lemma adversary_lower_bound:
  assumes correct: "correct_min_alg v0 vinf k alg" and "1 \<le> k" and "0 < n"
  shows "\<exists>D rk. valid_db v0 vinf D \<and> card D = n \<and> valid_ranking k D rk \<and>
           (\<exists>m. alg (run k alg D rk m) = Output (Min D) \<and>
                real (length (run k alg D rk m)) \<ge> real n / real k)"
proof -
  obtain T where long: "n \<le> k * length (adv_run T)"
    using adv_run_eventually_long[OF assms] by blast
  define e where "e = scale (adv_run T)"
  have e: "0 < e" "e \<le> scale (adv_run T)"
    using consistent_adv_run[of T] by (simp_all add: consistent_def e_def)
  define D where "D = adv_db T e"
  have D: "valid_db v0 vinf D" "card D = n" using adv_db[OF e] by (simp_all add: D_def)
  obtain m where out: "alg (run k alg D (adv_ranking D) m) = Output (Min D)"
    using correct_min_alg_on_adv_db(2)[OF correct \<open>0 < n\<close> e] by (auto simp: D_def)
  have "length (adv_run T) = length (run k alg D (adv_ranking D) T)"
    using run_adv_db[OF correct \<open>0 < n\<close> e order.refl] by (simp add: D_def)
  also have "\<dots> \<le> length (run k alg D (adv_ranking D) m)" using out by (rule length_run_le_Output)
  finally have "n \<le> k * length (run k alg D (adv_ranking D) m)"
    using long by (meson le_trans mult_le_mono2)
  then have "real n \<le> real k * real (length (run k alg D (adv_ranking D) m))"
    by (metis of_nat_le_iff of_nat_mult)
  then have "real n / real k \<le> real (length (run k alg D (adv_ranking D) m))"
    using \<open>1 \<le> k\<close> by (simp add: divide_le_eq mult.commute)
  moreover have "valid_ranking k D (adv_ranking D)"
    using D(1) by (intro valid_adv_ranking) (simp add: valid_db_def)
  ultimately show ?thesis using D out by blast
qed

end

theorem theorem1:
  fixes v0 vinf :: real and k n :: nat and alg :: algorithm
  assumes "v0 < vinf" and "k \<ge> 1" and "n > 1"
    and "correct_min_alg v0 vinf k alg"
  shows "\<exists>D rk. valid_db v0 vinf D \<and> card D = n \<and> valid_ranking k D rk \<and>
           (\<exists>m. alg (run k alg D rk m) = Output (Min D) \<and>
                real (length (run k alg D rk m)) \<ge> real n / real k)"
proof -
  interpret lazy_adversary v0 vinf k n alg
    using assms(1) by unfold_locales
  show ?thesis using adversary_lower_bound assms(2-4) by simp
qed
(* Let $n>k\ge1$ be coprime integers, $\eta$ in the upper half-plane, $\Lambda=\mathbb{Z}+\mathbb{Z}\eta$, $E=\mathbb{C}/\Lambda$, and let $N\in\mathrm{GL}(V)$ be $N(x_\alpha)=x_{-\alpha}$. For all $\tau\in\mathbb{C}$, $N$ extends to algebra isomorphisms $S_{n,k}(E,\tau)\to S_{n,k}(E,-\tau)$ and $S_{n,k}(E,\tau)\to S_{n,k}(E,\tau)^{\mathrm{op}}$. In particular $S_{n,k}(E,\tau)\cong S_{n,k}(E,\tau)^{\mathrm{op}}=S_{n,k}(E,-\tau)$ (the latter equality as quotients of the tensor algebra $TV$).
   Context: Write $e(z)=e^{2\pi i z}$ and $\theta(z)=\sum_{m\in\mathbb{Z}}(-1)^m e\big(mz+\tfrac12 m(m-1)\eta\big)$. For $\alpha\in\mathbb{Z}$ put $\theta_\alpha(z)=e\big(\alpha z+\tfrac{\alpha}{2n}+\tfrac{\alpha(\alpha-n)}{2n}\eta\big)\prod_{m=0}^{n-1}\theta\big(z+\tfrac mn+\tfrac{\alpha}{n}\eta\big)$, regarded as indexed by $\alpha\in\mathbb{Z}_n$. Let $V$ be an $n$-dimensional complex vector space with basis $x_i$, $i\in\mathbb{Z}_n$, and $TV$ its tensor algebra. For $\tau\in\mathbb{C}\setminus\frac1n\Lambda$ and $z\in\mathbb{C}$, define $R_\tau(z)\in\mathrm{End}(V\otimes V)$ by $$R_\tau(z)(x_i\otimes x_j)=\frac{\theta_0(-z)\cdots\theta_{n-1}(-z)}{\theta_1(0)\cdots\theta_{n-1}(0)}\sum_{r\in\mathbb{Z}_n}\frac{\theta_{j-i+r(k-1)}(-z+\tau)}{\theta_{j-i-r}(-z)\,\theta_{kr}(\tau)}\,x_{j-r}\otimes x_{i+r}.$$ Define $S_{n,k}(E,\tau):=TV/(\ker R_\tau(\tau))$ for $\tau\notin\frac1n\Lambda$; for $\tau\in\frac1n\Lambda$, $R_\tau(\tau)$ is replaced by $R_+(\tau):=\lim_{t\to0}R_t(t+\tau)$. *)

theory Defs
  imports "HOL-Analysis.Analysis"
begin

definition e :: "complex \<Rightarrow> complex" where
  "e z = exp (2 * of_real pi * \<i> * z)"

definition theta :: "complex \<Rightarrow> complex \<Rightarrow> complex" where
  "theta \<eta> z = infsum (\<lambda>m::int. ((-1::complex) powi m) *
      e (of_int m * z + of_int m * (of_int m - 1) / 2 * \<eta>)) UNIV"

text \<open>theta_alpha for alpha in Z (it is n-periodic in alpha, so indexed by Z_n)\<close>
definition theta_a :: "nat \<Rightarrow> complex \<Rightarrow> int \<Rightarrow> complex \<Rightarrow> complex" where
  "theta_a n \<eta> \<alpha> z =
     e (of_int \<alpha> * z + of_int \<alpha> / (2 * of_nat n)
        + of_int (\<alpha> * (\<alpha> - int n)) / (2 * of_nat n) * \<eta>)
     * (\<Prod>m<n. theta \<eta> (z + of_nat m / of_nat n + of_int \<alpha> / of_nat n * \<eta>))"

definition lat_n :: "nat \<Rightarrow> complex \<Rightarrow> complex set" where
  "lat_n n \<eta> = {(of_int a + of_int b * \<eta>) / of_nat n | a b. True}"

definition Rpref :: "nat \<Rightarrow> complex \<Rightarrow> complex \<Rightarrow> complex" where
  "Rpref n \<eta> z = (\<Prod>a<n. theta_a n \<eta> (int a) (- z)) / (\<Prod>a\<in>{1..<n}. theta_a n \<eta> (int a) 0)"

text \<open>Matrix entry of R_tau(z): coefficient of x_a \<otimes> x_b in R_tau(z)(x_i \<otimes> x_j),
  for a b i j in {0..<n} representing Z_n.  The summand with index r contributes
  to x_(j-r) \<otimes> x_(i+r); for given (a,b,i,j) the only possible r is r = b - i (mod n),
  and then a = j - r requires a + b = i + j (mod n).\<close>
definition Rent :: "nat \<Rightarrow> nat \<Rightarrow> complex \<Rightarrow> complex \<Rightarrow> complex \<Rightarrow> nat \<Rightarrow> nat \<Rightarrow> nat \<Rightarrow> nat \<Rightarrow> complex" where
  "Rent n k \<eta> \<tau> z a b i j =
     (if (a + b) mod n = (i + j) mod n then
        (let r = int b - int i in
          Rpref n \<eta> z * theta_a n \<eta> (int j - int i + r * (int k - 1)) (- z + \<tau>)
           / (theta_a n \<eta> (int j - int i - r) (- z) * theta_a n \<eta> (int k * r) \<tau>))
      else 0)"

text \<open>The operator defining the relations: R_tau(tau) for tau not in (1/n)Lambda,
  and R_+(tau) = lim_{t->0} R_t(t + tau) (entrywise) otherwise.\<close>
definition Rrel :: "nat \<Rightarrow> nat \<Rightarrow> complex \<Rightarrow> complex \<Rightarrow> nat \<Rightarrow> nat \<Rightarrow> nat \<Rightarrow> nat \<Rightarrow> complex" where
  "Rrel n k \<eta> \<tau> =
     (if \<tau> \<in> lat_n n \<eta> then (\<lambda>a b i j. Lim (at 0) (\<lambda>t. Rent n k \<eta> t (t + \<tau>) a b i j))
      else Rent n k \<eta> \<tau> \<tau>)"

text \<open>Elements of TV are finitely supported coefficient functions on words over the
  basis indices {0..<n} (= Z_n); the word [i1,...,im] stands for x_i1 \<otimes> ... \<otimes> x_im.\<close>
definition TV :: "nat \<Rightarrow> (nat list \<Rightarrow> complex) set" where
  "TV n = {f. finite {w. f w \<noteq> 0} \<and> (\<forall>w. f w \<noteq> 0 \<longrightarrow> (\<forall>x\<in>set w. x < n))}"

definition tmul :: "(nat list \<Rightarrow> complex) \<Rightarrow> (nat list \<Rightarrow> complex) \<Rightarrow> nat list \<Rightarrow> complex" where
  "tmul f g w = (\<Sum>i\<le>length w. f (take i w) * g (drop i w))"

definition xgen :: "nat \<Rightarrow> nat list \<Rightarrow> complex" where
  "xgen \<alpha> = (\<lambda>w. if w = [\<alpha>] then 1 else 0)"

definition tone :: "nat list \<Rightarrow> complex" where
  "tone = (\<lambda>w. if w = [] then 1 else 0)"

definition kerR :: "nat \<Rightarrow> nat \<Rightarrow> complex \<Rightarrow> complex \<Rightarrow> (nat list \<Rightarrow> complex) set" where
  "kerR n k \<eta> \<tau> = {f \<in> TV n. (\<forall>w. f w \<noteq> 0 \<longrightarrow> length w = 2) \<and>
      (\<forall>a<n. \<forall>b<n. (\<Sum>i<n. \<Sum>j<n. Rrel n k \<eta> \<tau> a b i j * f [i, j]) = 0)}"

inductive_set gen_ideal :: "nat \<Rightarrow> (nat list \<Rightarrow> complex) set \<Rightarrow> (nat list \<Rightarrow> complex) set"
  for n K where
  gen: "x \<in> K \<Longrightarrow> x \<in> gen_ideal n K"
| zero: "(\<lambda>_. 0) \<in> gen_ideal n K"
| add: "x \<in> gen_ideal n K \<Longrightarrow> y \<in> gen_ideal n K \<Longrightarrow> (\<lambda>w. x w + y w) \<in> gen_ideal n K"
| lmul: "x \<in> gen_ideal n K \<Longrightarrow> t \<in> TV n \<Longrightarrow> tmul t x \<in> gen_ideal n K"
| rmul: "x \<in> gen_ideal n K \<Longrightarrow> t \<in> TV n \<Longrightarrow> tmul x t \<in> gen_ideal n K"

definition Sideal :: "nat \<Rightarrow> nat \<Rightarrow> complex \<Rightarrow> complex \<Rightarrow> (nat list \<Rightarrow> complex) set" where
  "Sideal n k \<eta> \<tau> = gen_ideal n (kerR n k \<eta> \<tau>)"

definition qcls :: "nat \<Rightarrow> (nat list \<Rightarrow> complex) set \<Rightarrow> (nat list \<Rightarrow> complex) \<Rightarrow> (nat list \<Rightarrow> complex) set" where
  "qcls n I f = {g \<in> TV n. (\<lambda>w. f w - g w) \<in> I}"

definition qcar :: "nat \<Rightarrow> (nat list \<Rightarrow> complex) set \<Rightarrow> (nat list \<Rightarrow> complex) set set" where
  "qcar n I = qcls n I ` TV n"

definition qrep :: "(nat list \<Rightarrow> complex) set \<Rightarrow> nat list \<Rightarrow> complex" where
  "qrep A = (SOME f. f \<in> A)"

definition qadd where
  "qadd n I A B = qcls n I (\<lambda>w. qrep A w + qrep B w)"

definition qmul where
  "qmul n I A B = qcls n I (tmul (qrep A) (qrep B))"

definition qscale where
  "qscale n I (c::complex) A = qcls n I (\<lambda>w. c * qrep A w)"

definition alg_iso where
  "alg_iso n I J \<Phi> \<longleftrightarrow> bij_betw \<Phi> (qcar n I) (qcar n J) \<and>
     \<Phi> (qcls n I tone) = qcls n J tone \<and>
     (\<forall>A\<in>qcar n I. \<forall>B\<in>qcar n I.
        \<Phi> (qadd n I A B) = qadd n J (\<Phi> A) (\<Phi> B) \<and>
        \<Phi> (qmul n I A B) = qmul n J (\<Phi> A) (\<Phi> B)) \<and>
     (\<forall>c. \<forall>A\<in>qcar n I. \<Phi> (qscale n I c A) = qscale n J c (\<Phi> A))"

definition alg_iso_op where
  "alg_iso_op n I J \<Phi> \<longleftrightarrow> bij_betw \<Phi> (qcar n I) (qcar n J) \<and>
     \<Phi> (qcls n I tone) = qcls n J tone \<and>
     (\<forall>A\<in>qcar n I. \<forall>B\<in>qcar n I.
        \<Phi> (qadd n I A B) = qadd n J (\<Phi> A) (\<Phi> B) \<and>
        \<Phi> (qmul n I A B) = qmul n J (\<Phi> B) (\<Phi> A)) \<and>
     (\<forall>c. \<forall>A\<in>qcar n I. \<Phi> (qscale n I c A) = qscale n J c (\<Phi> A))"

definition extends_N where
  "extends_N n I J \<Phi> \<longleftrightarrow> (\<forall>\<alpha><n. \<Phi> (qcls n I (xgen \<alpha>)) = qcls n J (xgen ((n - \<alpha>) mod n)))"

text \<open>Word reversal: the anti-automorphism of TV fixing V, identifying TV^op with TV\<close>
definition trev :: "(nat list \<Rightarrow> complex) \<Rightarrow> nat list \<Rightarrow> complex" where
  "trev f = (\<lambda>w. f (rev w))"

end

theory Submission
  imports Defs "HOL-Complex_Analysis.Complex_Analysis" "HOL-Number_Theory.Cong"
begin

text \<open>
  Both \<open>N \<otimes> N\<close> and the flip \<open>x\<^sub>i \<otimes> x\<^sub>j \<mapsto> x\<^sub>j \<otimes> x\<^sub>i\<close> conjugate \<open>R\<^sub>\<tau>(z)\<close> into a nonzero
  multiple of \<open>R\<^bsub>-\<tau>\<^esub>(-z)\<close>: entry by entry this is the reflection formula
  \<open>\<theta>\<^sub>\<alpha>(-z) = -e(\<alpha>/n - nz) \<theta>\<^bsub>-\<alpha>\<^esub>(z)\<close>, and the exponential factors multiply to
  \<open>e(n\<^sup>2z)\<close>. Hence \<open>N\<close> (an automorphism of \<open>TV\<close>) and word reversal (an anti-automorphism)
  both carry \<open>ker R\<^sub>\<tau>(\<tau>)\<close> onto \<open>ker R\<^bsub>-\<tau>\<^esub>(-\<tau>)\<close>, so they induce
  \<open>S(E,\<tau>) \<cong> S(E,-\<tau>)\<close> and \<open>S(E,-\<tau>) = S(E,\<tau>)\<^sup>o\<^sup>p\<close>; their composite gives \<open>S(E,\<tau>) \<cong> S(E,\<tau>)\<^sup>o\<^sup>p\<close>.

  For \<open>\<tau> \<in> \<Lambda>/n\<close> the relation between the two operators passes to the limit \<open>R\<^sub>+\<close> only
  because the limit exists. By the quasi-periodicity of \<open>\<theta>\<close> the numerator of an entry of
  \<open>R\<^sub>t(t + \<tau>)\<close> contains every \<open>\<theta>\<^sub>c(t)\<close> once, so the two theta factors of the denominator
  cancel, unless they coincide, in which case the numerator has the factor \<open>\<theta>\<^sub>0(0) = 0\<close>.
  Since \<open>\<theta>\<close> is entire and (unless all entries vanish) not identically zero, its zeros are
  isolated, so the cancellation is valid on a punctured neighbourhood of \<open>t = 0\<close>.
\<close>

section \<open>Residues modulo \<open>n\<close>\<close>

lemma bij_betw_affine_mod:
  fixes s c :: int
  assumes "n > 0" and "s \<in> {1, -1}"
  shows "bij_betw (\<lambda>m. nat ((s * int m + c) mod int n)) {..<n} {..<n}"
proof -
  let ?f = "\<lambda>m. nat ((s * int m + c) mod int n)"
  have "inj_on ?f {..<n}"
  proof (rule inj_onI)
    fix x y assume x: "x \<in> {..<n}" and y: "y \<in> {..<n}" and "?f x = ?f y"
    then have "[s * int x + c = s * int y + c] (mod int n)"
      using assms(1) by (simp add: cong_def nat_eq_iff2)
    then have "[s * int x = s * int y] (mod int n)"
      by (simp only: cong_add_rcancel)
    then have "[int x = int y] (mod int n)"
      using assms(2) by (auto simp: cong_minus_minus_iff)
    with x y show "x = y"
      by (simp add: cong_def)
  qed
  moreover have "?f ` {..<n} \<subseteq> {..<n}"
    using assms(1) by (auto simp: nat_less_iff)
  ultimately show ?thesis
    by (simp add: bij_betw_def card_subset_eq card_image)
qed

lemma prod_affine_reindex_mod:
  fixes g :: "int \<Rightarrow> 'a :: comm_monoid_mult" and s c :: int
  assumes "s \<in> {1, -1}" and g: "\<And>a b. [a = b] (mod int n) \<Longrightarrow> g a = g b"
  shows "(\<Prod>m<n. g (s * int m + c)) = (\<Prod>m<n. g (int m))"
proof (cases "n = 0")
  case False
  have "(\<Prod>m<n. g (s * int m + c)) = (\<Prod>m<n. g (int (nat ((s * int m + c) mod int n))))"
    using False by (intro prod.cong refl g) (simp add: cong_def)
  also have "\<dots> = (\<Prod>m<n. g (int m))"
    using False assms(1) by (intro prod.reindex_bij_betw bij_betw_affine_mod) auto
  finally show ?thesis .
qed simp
§
■ **Try it**: Would you print exactly and only the lines of the material above that run from the line with "because the limit" through the line with "by (simp only: cong_add_rcancel)", both included?

■ **Exercise output**:
  because the limit exists. By the quasi-periodicity of \<open>\<theta>\<close> the numerator of an entry of
  \<open>R\<^sub>t(t + \<tau>)\<close> contains every \<open>\<theta>\<^sub>c(t)\<close> once, so the two theta factors of the denominator
  cancel, unless they coincide, in which case the numerator has the factor \<open>\<theta>\<^sub>0(0) = 0\<close>.
  Since \<open>\<theta>\<close> is entire and (unless all entries vanish) not identically zero, its zeros are
  isolated, so the cancellation is valid on a punctured neighbourhood of \<open>t = 0\<close>.
\<close>

section \<open>Residues modulo \<open>n\<close>\<close>

lemma bij_betw_affine_mod:
  fixes s c :: int
  assumes "n > 0" and "s \<in> {1, -1}"
  shows "bij_betw (\<lambda>m. nat ((s * int m + c) mod int n)) {..<n} {..<n}"
proof -
  let ?f = "\<lambda>m. nat ((s * int m + c) mod int n)"
  have "inj_on ?f {..<n}"
  proof (rule inj_onI)
    fix x y assume x: "x \<in> {..<n}" and y: "y \<in> {..<n}" and "?f x = ?f y"
    then have "[s * int x + c = s * int y + c] (mod int n)"
      using assms(1) by (simp add: cong_def nat_eq_iff2)
    then have "[s * int x = s * int y] (mod int n)"
      by (simp only: cong_add_rcancel)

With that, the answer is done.